7. Conclusions and Policy Recommendations

Based on the data from 250 prefecture-level cities in China from 2006 to 2019, this paper examined the effect of free trade zone construction on industrial upgrading. We selected three batches of free trade zones established in 2013, 2015, and 2017 as quasi-natural experiments to analyze the mechanisms of the effects of free trade zone policies on industrial structure upgrading using the difference-in-difference method. The relevant findings are as follows: The free trade zone policy can increase the level of rationalization of industrial structure in cities by 9.69% and the level of advanced industrial structure by 7.01%. This will improve the industrial efficiency and promote the sustainability of urban development. Further analysis of the effect mechanism revealed that the interactions of the FTZ policy effect and the innovation effect or the foreign investment effect can effectively promote the rationalization of industrial structure and the advanced industrial structure. The effect of FTZs on industrial structure upgrading in different regions is heterogeneous, and the eastern and central FTZs have significant industrial structure upgrading effects. The spatial and temporal comparison found that the effect of FTZs on industrial upgrading is considered temporally sustainable but with a certain lag.
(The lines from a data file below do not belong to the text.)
lemma card_nbr_idx: "2 * k \<le> card nbr_idx"
proof (rule ccontr)
  let ?S = "(!) P ` nbr_idx"
  assume "\<not> 2 * k \<le> card nbr_idx"
  then have S: "card ?S < 2 * k" "?S \<subseteq> set P"
    using card_image_le[OF finite_nbr_idx, of "(!) P"] by (auto simp: nbr_idx_def)
  have "V - ?S \<subseteq> {x}"
  proof (rule k_connected_small_separator[OF connected _ S(1)])
    show "?S \<subseteq> V" "{x} \<subseteq> V - ?S"
      using S(2) path(3) x by auto
    show "d \<in> {x} \<union> ?S" if "c \<in> {x}" "E c d" for c d
      using that no_off_path_neighbour graph
      by (auto simp: nbr_idx_def in_set_conv_nth simple_graph_def)
  qed simp
  then have "card V \<le> card (insert x ?S)"
    using finite_nbr_idx by (intro card_mono) auto
  also have "\<dots> \<le> Suc (card ?S)" using finite_nbr_idx by (simp add: card_insert_if)
  finally show False using S(1) connected by (simp add: k_connected_def)
qed

section \<open>The independent set T \<union> F\<close>

definition succ_idx :: "nat set" where
  "succ_idx = {i \<in> nbr_idx. Suc i < length P}"

definition T :: "'a set" where
  "T = insert x ((\<lambda>i. P ! Suc i) ` succ_idx)"

definition F :: "'a set" where
  "F = {z \<in> V. z \<notin> T \<and> (\<forall>t\<in>T. \<not> E z t)}"

definition succ_nbrs :: "'a \<Rightarrow> nat set" where
  "succ_nbrs z = {i \<in> succ_idx. E z (P ! Suc i)}"

lemma finite_succ_idx: "finite succ_idx"
  using finite_nbr_idx by (simp add: succ_idx_def)

lemma succ_idxD: "i \<in> succ_idx \<Longrightarrow> E x (P ! i) \<and> Suc i < length P"
  by (simp add: succ_idx_def nbr_idx_def)

lemma card_succ_idx: "2 * k \<le> Suc (card succ_idx)"
proof -
  have "card nbr_idx \<le> card (insert (length P - 1) succ_idx)"
    using finite_succ_idx by (intro card_mono) (auto simp: succ_idx_def nbr_idx_def)
  also have "\<dots> \<le> Suc (card succ_idx)"
    using finite_succ_idx by (simp add: card_insert_if)
  finally show ?thesis using card_nbr_idx by linarith
qed

lemma card_T: "card T = Suc (card succ_idx)"
proof -
  have "x \<notin> (\<lambda>i. P ! Suc i) ` succ_idx" "inj_on (\<lambda>i. P ! Suc i) succ_idx"
    using x by (auto simp: succ_idx_def inj_on_def nth_eq_iff)
  then show ?thesis using finite_succ_idx by (simp add: T_def card_image)
qed

lemma T_subset: "T \<subseteq> V"
  using x path(3) by (auto simp: T_def succ_idx_def)

lemma finite_T: "finite T"
  using finite_succ_idx by (simp add: T_def)

lemma T_independent: "independent V E T"
proof -
  have Q: "is_path V E [x]" "set [x] \<inter> set P = {}"
    using x by (auto simp: is_path_def)
  have x_succ: "\<not> E x (P ! Suc i)" if "i \<in> succ_idx" for i
    using detour_end_not_adjacent_to_successor[of i "[x]"] Q succ_idxD[OF that] E_sym by auto
  have succ_succ: "\<not> E (P ! Suc i) (P ! Suc j)" if "i \<in> succ_idx" "j \<in> succ_idx" for i j
  proof (cases i j rule: linorder_cases)
    case less
    then show ?thesis
      using successors_not_adjacent[of i j "[x]"] Q succ_idxD[OF that(1)] succ_idxD[OF that(2)]
      by (auto dest: E_sym)
  next
    case greater
    then show ?thesis
      using successors_not_adjacent[of j i "[x]"] Q succ_idxD[OF that(1)] succ_idxD[OF that(2)]
      by (auto dest: E_sym)
  qed (simp add: E_irrefl)
  show ?thesis
    unfolding independent_def T_def using T_subset x_succ succ_succ E_irrefl
    by (auto simp: T_def dest: E_sym)
qed

lemma independent_T_F: "independent V E (T \<union> F)"
  unfolding independent_def
proof (intro conjI ballI)
  show "T \<union> F \<subseteq> V" using T_subset by (auto simp: F_def)
  fix a b assume "a \<in> T \<union> F" "b \<in> T \<union> F"
  then consider "a \<in> T" "b \<in> T" | "a \<in> F" "b \<in> T" | "b \<in> F" "a \<in> T" | "a \<in> F" "b \<in> F"
    by blast
  then show "\<not> E a b"
  proof cases
    case 1
    then show ?thesis using T_independent by (simp add: independent_def)
  next
    case 2
    then show ?thesis by (simp add: F_def)
  next
    case 3
    then show ?thesis by (auto simp: F_def dest: E_sym)
  next
    case 4
    show ?thesis
    proof
      assume "E a b"
      then have "card T < k"
        using 4 T_independent finite_T by (intro card_anticomplete_less) (auto simp: F_def)
      then show False using card_T card_succ_idx by linarith
    qed
  qed
qed

lemma card_missed_successors:
  assumes "z \<in> V" "z \<notin> T" "t \<in> T" "E z t"
  shows "card (succ_idx - succ_nbrs z) + of_bool (\<not> E z x) < k"
proof -
  let ?M = "(\<lambda>i. P ! Suc i) ` (succ_idx - succ_nbrs z) \<union> (if E z x then {} else {x})"
  have card_M: "card ?M = card (succ_idx - succ_nbrs z) + of_bool (\<not> E z x)"
  proof -
    have "inj_on (\<lambda>i. P ! Suc i) (succ_idx - succ_nbrs z)"
      "x \<notin> (\<lambda>i. P ! Suc i) ` (succ_idx - succ_nbrs z)"
      using x by (auto simp: succ_idx_def inj_on_def nth_eq_iff)
    then show ?thesis using finite_succ_idx by (auto simp: card_image)
  qed
  have "card ?M \<le> card {t' \<in> T. \<not> E z t'}"
    using finite_T by (intro card_mono) (auto simp: T_def succ_nbrs_def)
  also have "\<dots> < k"
    using assms T_independent finite_T
    by (intro card_anticomplete_less[OF assms(4)]) (auto simp: independent_def)
  finally show ?thesis using card_M by simp
qed

lemma off_path_in_F:
  assumes "y \<in> V - set P" "y \<noteq> x"
  shows "y \<in> F"
proof -
  have yT: "y \<notin> T" using assms path(3) by (auto simp: T_def succ_idx_def)
  have "\<not> E y t" if "t \<in> T" for t
  proof
    assume "E y t"
    have "\<not> E y x" using no_off_path_neighbour[OF assms(1)] E_sym by blast
    then have "card (succ_idx - succ_nbrs y) + 2 \<le> k"
      using card_missed_successors[of y t] assms yT that \<open>E y t\<close> by simp
    moreover have "card (succ_idx - succ_nbrs y) = card succ_idx - card (succ_nbrs y)"
      "card (succ_nbrs y) \<le> card succ_idx"
      using finite_succ_idx by (auto simp: succ_nbrs_def intro!: card_Diff_subset card_mono)
    ultimately have "2 \<le> card (succ_nbrs y)" using card_succ_idx by linarith
    then obtain i j where "i \<in> succ_nbrs y" "j \<in> succ_nbrs y" "i < j"
      by (rule two_le_card_imp_less_pair)
    then show False
      using off_path_vertex_not_adjacent_to_two_successors[of x y i j] x assms
      by (auto simp: succ_nbrs_def dest: succ_idxD)
  qed
  then show ?thesis using assms yT by (auto simp: F_def)
qed

lemma off_path_subset_T_F: "V - set P \<subseteq> T \<union> F"
  using off_path_in_F by (auto simp: T_def)

lemma nth_in_T_iff:
  assumes "q < length P"
  shows "P ! q \<in> T \<longleftrightarrow> 0 < q \<and> q - 1 \<in> nbr_idx"
proof
  assume "P ! q \<in> T"
  moreover have "P ! q \<noteq> x" using x assms by auto
  ultimately obtain i where "i \<in> succ_idx" "P ! q = P ! Suc i" by (auto simp: T_def)
  then show "0 < q \<and> q - 1 \<in> nbr_idx" using assms by (auto simp: succ_idx_def nth_eq_iff)
next
  assume "0 < q \<and> q - 1 \<in> nbr_idx"
  then have "q - 1 \<in> succ_idx" "Suc (q - 1) = q" using assms by (auto simp: succ_idx_def)
  then show "P ! q \<in> T" unfolding T_def by (metis image_eqI insertI2)
qed

lemma path_edge_meets_T_F:
  assumes "p \<notin> nbr_idx" "Suc p < length P"
  shows "P ! p \<in> T \<union> F \<or> P ! Suc p \<in> T \<union> F"
proof (rule ccontr)
  assume "\<not> ?thesis"
  moreover have "P ! p \<in> V" "P ! Suc p \<in> V" using assms(2) path(3) by auto
  ultimately obtain t t' where t: "t \<in> T" "E (P ! p) t" "t' \<in> T" "E (P ! Suc p) t'"
    and nT: "P ! p \<notin> T" "P ! Suc p \<notin> T"
    by (auto simp: F_def)
  have "\<not> E (P ! p) x" using assms E_sym by (auto simp: nbr_idx_def)
  then have "card (succ_idx - succ_nbrs (P ! p)) + 2 \<le> k"
    using card_missed_successors[OF \<open>P ! p \<in> V\<close> nT(1) t(1,2)] by simp
  moreover have "card (succ_idx - succ_nbrs (P ! Suc p)) + 1 \<le> k"
    using card_missed_successors[OF \<open>P ! Suc p \<in> V\<close> nT(2) t(3,4)] by simp
  moreover have "card succ_idx \<le> card (succ_idx - succ_nbrs (P ! p))
      + card (succ_idx - succ_nbrs (P ! Suc p)) + card (succ_nbrs (P ! p) \<inter> succ_nbrs (P ! Suc p))"
    using finite_succ_idx by (intro card_le_card_Diff_Diff_Int) (auto simp: succ_nbrs_def)
  ultimately have "2 \<le> card (succ_nbrs (P ! p) \<inter> succ_nbrs (P ! Suc p))"
    using card_succ_idx by linarith
  then obtain a b where "a \<in> succ_nbrs (P ! p) \<inter> succ_nbrs (P ! Suc p)"
    "b \<in> succ_nbrs (P ! p) \<inter> succ_nbrs (P ! Suc p)" "a < b"
    by (rule two_le_card_imp_less_pair)
  then show False
    using path_edge_not_adjacent_to_two_successors[of x a b p] x assms(2)
    by (auto simp: succ_nbrs_def dest: succ_idxD)
qed

lemma T_F_alternate:
  assumes "p \<notin> nbr_idx" "Suc p < length P"
  shows "P ! Suc p \<in> T \<union> F \<longleftrightarrow> P ! p \<notin> T \<union> F"
  using path_edge_meets_T_F[OF assms] independent_T_F adj[OF assms(2)]
  by (auto simp: independent_def)

lemma T_F_alternate_interval:
  assumes "a + j < length P" "\<forall>r. a \<le> r \<and> r < a + j \<longrightarrow> r \<notin> nbr_idx"
  shows "P ! (a + j) \<in> T \<union> F \<longleftrightarrow> (P ! a \<in> T \<union> F \<longleftrightarrow> even j)"
  using assms
proof (induction j)
  case (Suc j)
  then show ?case using T_F_alternate[of "a + j"] by auto
qed simp

section \<open>The segments S_i'\<close>

lemma nbr_pos_eq: "nbr_pos E P x = sorted_list_of_set nbr_idx"
  by (simp add: nbr_pos_def nbr_idx_def)

lemma set_nbr_pos: "set (nbr_pos E P x) = nbr_idx"
  using finite_nbr_idx by (simp add: nbr_pos_eq)

lemma sorted_nbr_pos: "sorted_wrt (<) (nbr_pos E P x)"
  by (simp add: nbr_pos_eq)

lemma length_nbr_pos: "length (nbr_pos E P x) = card nbr_idx"
  by (simp add: nbr_pos_eq)

lemma nbr_pos_nonempty: "0 < length (nbr_pos E P x)"
  using card_nbr_idx k_pos length_nbr_pos by linarith

lemma xpos_in_nbr_idx:
  assumes "1 \<le> i" "i \<le> length (nbr_pos E P x)"
  shows "xpos E P x i \<in> nbr_idx"
proof -
  have "i - 1 < length (nbr_pos E P x)" using assms by linarith
  then show ?thesis unfolding xpos_def using set_nbr_pos nth_mem by blast
qed

lemma seg'_0_subset_T_F: "seg' E P x 0 \<subseteq> T \<union> F"
proof
  fix z assume "z \<in> seg' E P x 0"
  then obtain j where z: "z = P ! (xpos E P x 1 - j)" "j \<le> card (seg E P x 0)" "odd j"
    by (auto simp: seg'_def)
  define c where "c = xpos E P x 1"
  have c: "c \<in> nbr_idx"
    unfolding c_def using nbr_pos_nonempty by (intro xpos_in_nbr_idx) linarith+
  have below: "r \<notin> nbr_idx" if "r < c" for r
  proof
    assume "r \<in> nbr_idx"
    then have "nbr_pos E P x ! 0 \<le> r"
      using strict_sorted_first_le[OF sorted_nbr_pos] set_nbr_pos by blast
    then show False using that by (simp add: c_def xpos_def)
  qed
  have "card (seg E P x 0) \<le> c"
    using card_image_le[of "{..<c}" "(!) P"]
    by (simp add: seg_def c_def setcompr_eq_image lessThan_def)
  then have "j \<le> c" using z(2) by simp
  have "P ! c \<notin> T" using below c by (auto simp: nth_in_T_iff nbr_idx_def)
  moreover have "P ! c \<notin> F" using c E_sym by (auto simp: F_def T_def nbr_idx_def)
  ultimately have "P ! (c - j + j) \<notin> T \<union> F" using \<open>j \<le> c\<close> by simp
  moreover have "P ! (c - j + j) \<in> T \<union> F \<longleftrightarrow> (P ! (c - j) \<in> T \<union> F \<longleftrightarrow> even j)"
    using \<open>j \<le> c\<close> c below by (intro T_F_alternate_interval) (auto simp: nbr_idx_def)
  ultimately show "z \<in> T \<union> F" using z(1,3) by (simp add: c_def)
qed

(* hi is the position of x_(i+1) on P, or length P if i = t. *)
lemma seg_bound:
  assumes "1 \<le> i" "i \<le> length (nbr_pos E P x)"
  obtains hi where "card (seg E P x i) \<le> hi - Suc (xpos E P x i)" "hi \<le> length P"
    "\<And>r. xpos E P x i < r \<Longrightarrow> r < hi \<Longrightarrow> r \<notin> nbr_idx"
proof -
  let ?L = "nbr_pos E P x" and ?c = "xpos E P x i"
  have i: "i - 1 < length ?L" "Suc (i - 1) = i" "i \<noteq> 0" using assms by auto
  have next_le: "i < length ?L \<and> ?L ! i \<le> r" if "r \<in> nbr_idx" "?c < r" for r
    using strict_sorted_next_le[OF sorted_nbr_pos, of r "i - 1"] set_nbr_pos that i
    by (simp add: xpos_def)
  show thesis
  proof (cases "i < length ?L")
    case True
    have "seg E P x i = {P ! j | j. ?c < j \<and> j < ?L ! i}"
      using True i by (simp add: seg_def xpos_def)
    moreover have "?L ! i < length P"
      using True set_nbr_pos nth_mem by (fastforce simp: nbr_idx_def)
    moreover have "r \<notin> nbr_idx" if "?c < r" "r < ?L ! i" for r
      using next_le[of r] that by auto
    ultimately show thesis using card_nth_image_le by (intro that[of "?L ! i"]) auto
  next
    case False
    then have "seg E P x i = {P ! j | j. ?c < j \<and> j < length P}"
      using assms(2) i by (simp add: seg_def xpos_def)
    moreover have "r \<notin> nbr_idx" if "?c < r" for r
      using next_le[of r] that False by auto
    ultimately show thesis using card_nth_image_le by (intro that[of "length P"]) auto
  qed
qed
Based on the spatial perspective, we found that the FTZ inhibits ah advanced level of industrial structure in the neighboring cities and still needs to build a sustainable industrial development system. Based on the above study, the following policy recommendations are proposed to optimize the FTZ strategies to promote the sustainable development of cities.
(1)
New FTZs should draw on the experience and lessons from existing FTZs to promote the sustainability and quality of urban industries. Table 3 shows that the FTZ policy can increase the rationalization level of the industrial structure by 9.69% and the level of advanced industrial structure by 7.01%. Meanwhile, the government should make more use of market mechanisms rather than government intervention (a negative effect of government intervention is shown in Table 3). What is more, because of the heterogeneous effect of different regions, the government should combine top-level design and local practice to improve the rationalization of industrial structure and advanced industrial structure according to local conditions.
(2)
Arrange different functions for FTZs and make full use of industrial innovation resources and foreign direct investment. Table 6 shows that the innovation effect and foreign investment effect of FTZs are the keys to upgrading the industrial structure. Therefore, each FTZ should establish an innovation platform of “sub-industry, grading, and classification” based on innovation-oriented functional positioning. The FTZs build an innovation bridge to support upgrading the industrial structure according to “front-end clustering, middle-end synergy, and back-end transformation,” which play the role of innovation in promoting production, consumption, and circulation and promoting the deep integration of the industrial chain and innovation chain. By attracting foreign investment into relevant industries, the FTZ creates industrial clusters around key industries; integrates foreign investment, talents, and other elements within the FTZ; and promotes the diffusion of advanced technologies, thereby promoting the optimization and upgrading of industrial structure.
(3)
FTZs should be established in terms of different resource endowments and learning experience. Since FTZs are geographically heterogeneous, as shown in Table 7, they have a more pronounced industrial structure upgrading effect in the eastern and central regions. Each FTZ should clearly define its development direction, and fully reflect the advantages of the region’s endowments, differentiation, and dislocation in functional positioning, not only to avoid low-level duplication of construction but also to prevent disorderly competition between FTZs. In addition, the FTZ should establish a sustainable industrial testing and early warning system and establish a series of elimination mechanisms, support mechanisms, and growth mechanisms to lay the foundation for the industry’s long-term development.
(4)
Optimize the spatial layout of FTZs. Effectively employ the spatial spillover effect to drive the synergistic transformation and upgrading of industries in the surrounding areas. The spatial effects test in Table 8 show that the FTZ inhibits the level of advanced industrial structure in neighboring cities. According to the strategic planning and top-level design, the FTZ coordinates and optimizes the spatial layout of the city, improves infrastructure construction and related supporting facilities, improves the overall efficiency of space utilization, builds a sustainable industrial development system, and forms a spatial pattern of industry–city integration. Relying on the strategic orientation of the FTZ, the neighboring cities should take the initiative to adjust the industrial layout and overall planning, deeply embedding themselves in the industrial chain of the FTZ. By this way, industrial linkage within and outside the FTZ would be established.
Due to the different development levels, technological conditions, and resource endowments of FTZ cities, the effects and mechanisms of FTZ policy may vary greatly. In the heterogeneity analysis, we only considered the influence of location factors in the east, middle, and west on the policy effect of the FTZ. In the next step, the interactions between city size, industrial characteristics, transportation conditions, and the policies of the FTZ will be further analyzed. The spatial spillover effect and the mechanism of the FTZ policy would also be an interesting topic.

Author Contributions

Conceptualization and methodology, A.Z.; data curation and original draft preparation, J.W.; review and editing, H.G. All authors have read and agreed to the published version of the manuscript.

Funding

This research was funded by “the Major Special Projects of National Social Science Fund”, China (Grant No. 19ZDA080).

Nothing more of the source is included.